34. PASPOR

75K 10.9K 7K
                                    

"Udah, sana balik ke dalem!" Sea menarik Raga dan mendorongnya ke arah rumah sakit.

Raga keukeuh di tempat, seakan-akan masih ingin mengobrol bersama Sea. Namun, Sea begitu angkuh menyuruhnya pergi. "Cepetan sana, keburu Raga balik!"

Karena itu, malam ini Raga melamun dengan posisi duduk di brankarnya. Cokelat putih dan pink selalu berhasil menenggelamkan ingatnya pada hari itu.

Sejak hari itu juga, Raga sering pergi ke rumah sakit dengan berbagai alasan. Dia ingin menemui gadis itu lagi, sekedar mengobrol, atau hanya memakan cokelat seperti hari itu. Tetapi, ia tidak pernah menemukannya lagi.

Tiga tahun berlalu, dan ingatan Raga semakin memudar. Bagaimana bisa ia mengingat wajah seseorang yang hanya ia temui satu kali, bahkan hanya sekejap. Raga hanya dapat mengingat kenangan mereka, tetapi tidak dengan wajah Sea.

Hingga tiba akhirnya...

"Raga!" panggil Sabita ketika mereka menghadiri acara investor atau apa lah Raga juga tidak tahu, yang jelas di sana banyak sekali orang-orang berpakaian rapi kelas atas.

Sabita tersenyum dan mengibaskan tangan, memberi kode agar Raga mendekat.
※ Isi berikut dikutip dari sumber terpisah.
lemma Nmul_idem_eq_Nunit:
  assumes c: "c \<in> Ncarrier q K" and idem: "Nmul q K c c = c" and q: "\<forall>n. q = Roots n \<longrightarrow> n \<ge> 1"
  shows "c = Nunit q K"
proof
  fix k
  show "c k = Nunit q K k"
  proof (cases "k < K")
    case True
    have "qop q (c k) (c k) = c k"
      using idem True by (metis Nmul_def)
    moreover have "c k \<in> qcarrier q"
      using c True by (auto simp: Ncarrier_def)
    ultimately show ?thesis
      using True qcarrier_nonzero[OF _ q] by (auto simp: qop_def Nunit_def qunit_def)
  next
    case False
    then show ?thesis using c by (auto simp: Ncarrier_def Nunit_def)
  qed
qed

lemma Nhom_Nunit:
  assumes hom: "\<And>g g'. g \<in> Ncarrier q K \<Longrightarrow> g' \<in> Ncarrier q K \<Longrightarrow> \<alpha> (Nmul q K g g') = Nmul q K (\<alpha> g) (\<alpha> g')"
    and "\<alpha> (Nunit q K) \<in> Ncarrier q K" and "\<forall>n. q = Roots n \<longrightarrow> n \<ge> 1"
  shows "\<alpha> (Nunit q K) = Nunit q K"
  using assms hom[OF Nunit_in_Ncarrier Nunit_in_Ncarrier]
  by (intro Nmul_idem_eq_Nunit) (auto simp: Nmul_Nunit_Nunit)

lemma Dprod_eq_mat_1: "\<forall>j\<in>set js. D j (h j) = mat 1 \<Longrightarrow> Dprod D h js = mat 1"
  by (induction js) (auto simp: Dprod_def matrix_mul_lid)

lemma Dprod_eq_single:
  "distinct js \<Longrightarrow> m \<in> set js \<Longrightarrow> \<forall>j\<in>set js. j \<noteq> m \<longrightarrow> D j (h j) = mat 1
   \<Longrightarrow> Dprod D h js = D m (h m)"
proof (induction js)
  case (Cons j js)
  show ?case
  proof (cases "j = m")
    case True
    with Cons.prems have "Dprod D h js = mat 1"
      by (intro Dprod_eq_mat_1) auto
    with True show ?thesis by (simp add: Dprod_def matrix_mul_rid)
  next
    case False
    with Cons show ?thesis by (simp add: Dprod_def matrix_mul_lid)
  qed
qed simp

lemma Dprod_cong: "\<forall>j\<in>set js. a j = b j \<Longrightarrow> Dprod D a js = Dprod D b js"
  by (induction js) (auto simp: Dprod_def)

lemma chart_upd_other: "j \<noteq> m \<Longrightarrow> chart M Q K (y(m := a)) t j = chart M Q K (y(m := b)) t j"
  by (simp add: chart_def fun_eq_iff)

lemma chart_upd_Nmul:
  "chart M Q K (y(m := Nmul (Q m) (K m) a b)) t m = Nmul (Q m) (K m) a (chart M Q K (y(m := b)) t m)"
  by (rule ext, cases "Q m") (auto simp: chart_def contI_def Nmul_def qop_def qshift_def algebra_simps)

lemma chart_upd_in_Ncarrier:
  "g \<in> Ncarrier (Q m) (K m) \<Longrightarrow> chart M Q K (y(m := g)) t m \<in> Ncarrier (Q m) (K m)"
  by (auto simp: chart_def contI_def Ncarrier_def qshift_in_qcarrier)

context
  fixes M m Q K A and D :: "nat \<Rightarrow> (nat \<Rightarrow> complex) \<Rightarrow> real^'n::finite^'n"
  assumes setting: "group_setting M Q K A D" and m: "m \<in> {2..M}"
begin

lemma Hunit_upd_in_Hcarrier:
  "c \<in> Ncarrier (Q m) (K m) \<Longrightarrow> (Hunit M Q K)(m := c) \<in> Hcarrier M Q K"
  using m by (auto simp: Hcarrier_def Tcarrier_def Hunit_def Nunit_in_Ncarrier)

lemma Dfull_Hunit_upd: "Dfull M D ((Hunit M Q K)(m := c)) = D m c"
  unfolding Dfull_def
  using m setting by (subst Dprod_eq_single[where m=m]) (auto simp: Hunit_def group_setting_def)

lemma Hmul_Hunit_upd:
  assumes a: "a \<in> Ncarrier (Q m) (K m)" and b: "b \<in> Ncarrier (Q m) (K m)"
  shows "Hmul M Q K A ((Hunit M Q K)(m := a)) ((Hunit M Q K)(m := b))
       = (Hunit M Q K)(m := Nmul (Q m) (K m) a b)"
proof
  let ?E = "Hunit M Q K"
  note GS = setting[unfolded group_setting_def]
  fix j
  show "Hmul M Q K A (?E(m := a)) (?E(m := b)) j = (?E(m := Nmul (Q m) (K m) a b)) j"
  proof (cases "j \<in> {2..M}")
    case j: True
    let ?\<tau> = "tail j (?E(m := a))"
    show ?thesis
    proof (cases "j = m")
      case True
      have "?\<tau> = tail j ?E" by (auto simp: tail_def fun_eq_iff True)
      then have "A j ?\<tau> b = b" using GS m b True by auto
      then show ?thesis using True j by (simp add: Hmul_def)
    next
      case False
      have "?\<tau> \<in> Tcarrier Q K {Suc j..M}"
        using j m a by (auto simp: Tcarrier_def tail_def Hunit_def Nunit_in_Ncarrier)
      then have bij: "bij_betw (A j ?\<tau>) (Ncarrier (Q j) (K j)) (Ncarrier (Q j) (K j))"
        and hom: "\<And>g g'. g \<in> Ncarrier (Q j) (K j) \<Longrightarrow> g' \<in> Ncarrier (Q j) (K j) \<Longrightarrow>
           A j ?\<tau> (Nmul (Q j) (K j) g g') = Nmul (Q j) (K j) (A j ?\<tau> g) (A j ?\<tau> g')"
        using GS j by blast+
      then have "A j ?\<tau> (Nunit (Q j) (K j)) = Nunit (Q j) (K j)"
        using GS j by (intro Nhom_Nunit[OF hom bij_betw_apply[OF bij Nunit_in_Ncarrier]]) auto
      then show ?thesis using False j by (simp add: Hmul_def Hunit_def Nmul_Nunit_Nunit)
    qed
  next
    case False
    then show ?thesis using m by (auto simp: Hmul_def Hunit_def)
  qed
qed

lemma D_Nmul:
  assumes "a \<in> Ncarrier (Q m) (K m)" "b \<in> Ncarrier (Q m) (K m)"
  shows "D m (Nmul (Q m) (K m) a b) = D m a ** D m b"
  using setting assms Hmul_Hunit_upd[OF assms] Hunit_upd_in_Hcarrier[OF assms(1)]
    Hunit_upd_in_Hcarrier[OF assms(2)]
  unfolding group_setting_def by (metis Dfull_Hunit_upd)

lemma Cm_chart_left_translate:
  fixes w :: "real^'n"
  assumes g: "g \<in> Ncarrier (Q m) (K m)" and g': "g' \<in> Ncarrier (Q m) (K m)"
  defines "F \<equiv> \<lambda>p. Cm M m Q K D w p (p m)"
  shows "F (chart M Q K (y(m := Nmul (Q m) (K m) (Ninv (Q m) (K m) g') g)) t)
       = F (chart M Q K (y(m := g)) t) v* D m g'"
proof -
  let ?x = "chart M Q K (y(m := g)) t m" and ?N = "Nmul (Q m) (K m)" and ?I = "Ninv (Q m) (K m)"
  have "?I (chart M Q K (y(m := ?N (?I g') g)) t m) = ?N (?I ?x) g'"
    by (simp add: chart_upd_Nmul Ninv_Nmul_Ninv)
  then have "D m (?I (chart M Q K (y(m := ?N (?I g') g)) t m)) = D m (?I ?x) ** D m g'"
    using D_Nmul[OF Ninv_in_Ncarrier[OF chart_upd_in_Ncarrier[of g Q m K M y t, OF g]] g']
    by simp
  moreover have "Dm_other M m D (chart M Q K (y(m := ?N (?I g') g)) t)
      = Dm_other M m D (chart M Q K (y(m := g)) t)"
    unfolding Dm_other_def by (rule Dprod_cong) (auto intro: chart_upd_other)
  ultimately show ?thesis
    by (simp add: F_def Cm_def vector_matrix_mul_assoc[symmetric] matrix_mul_assoc)
qed

end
Tanpa basa-basi, Raga pun mendekat. Laki-laki berusia dua belas tahun itu dikenalkan oleh seseorang, yang sampai kini ia kenali sebagai Om Gio, Papa Manda.

Saat itu, Manda terus bersembunyi di balik tubuh ibunya. Ia hanya berani menatap dengan satu mata sambil terus memeluk lengan Nita.

Raga menatapnya sementara waktu dengan berbagai macam pemikiran pemikiran yang timbul di benaknya.

"Oh, gelang itu." Manda akhirnya keluar dari persembunyiannya dan mendekati Raga untuk menatap gelang hitam di tangan Raga lebih dekat lagi.

"Lo... tau?" Raga mengusap gelang yang tidak pernah absen melingkar di tangannya.

"Ini punya Manda," kata Manda membuat tatapan Raga berubah drastis, tidak dingin seperti sebelumnya.

Raga tersenyum. "Jadi itu elo?"

"Hah?" Manda sedikit bingung. Tetapi saat itu juga, Raga menarik tangannya. Lalu mengajak Manda mengelilingi villa milik keluarga Alvarez.

Sejak itu juga mereka menjadi lebih dekat.

"Apa selama ini gue salah orang?" gumam Raga mengingat Manda yang selalu mengalihkan topik pembicaraan kala ia membahas kejadian hari itu.

"Enggak kan, Manda nggak pernah nyangkal kalau itu bukan dia." Raga membuka botol yang masih tersegel, lalu meneguk beberapa mili air.

Drrttt! Ponselnya berdering, panggilan dari luar negri, sepertinya dari mamanya. Tanpa menunggu lama, Raga segera mengangkatnya.

"Sayang, kamu bener-bener nepatin janji kamu ya." Suara Sabita terdengar senang, membuat lengkung di bibir Raga kian timbul. "Kamu jadi juara yang dapet point sempurna, Mama nggak nyangka kamu bisa sehebat itu."

"Raga.. udah baik kan, Mah?"

"Sure.. kamu memang anak Mama, dan Mama bangga punya kamu."

Kehangatan nada bicara Sabita itu ikut menjalar di tubuh Raga hingga meluluhkan segala rasa sakit di hatinya.

Sudah lama, bahkan sangat lama, Raga tidak pernah merasakan hangatnya seorang ibu. Tetapi, sekarang ia benar-benar merasakan itu semua.

Karena Samudra.

'Mama bangga punya kamu.' Kalimat itu berhasil melekat kuat di kepalanya.

Mata Raga kian berkaca-kaca, ia masih tidak menyangka akan mendapatkan kata-kata itu meski melalui sambungan telepon, seolah semua usaha kerasnya selama ini terbayarkan.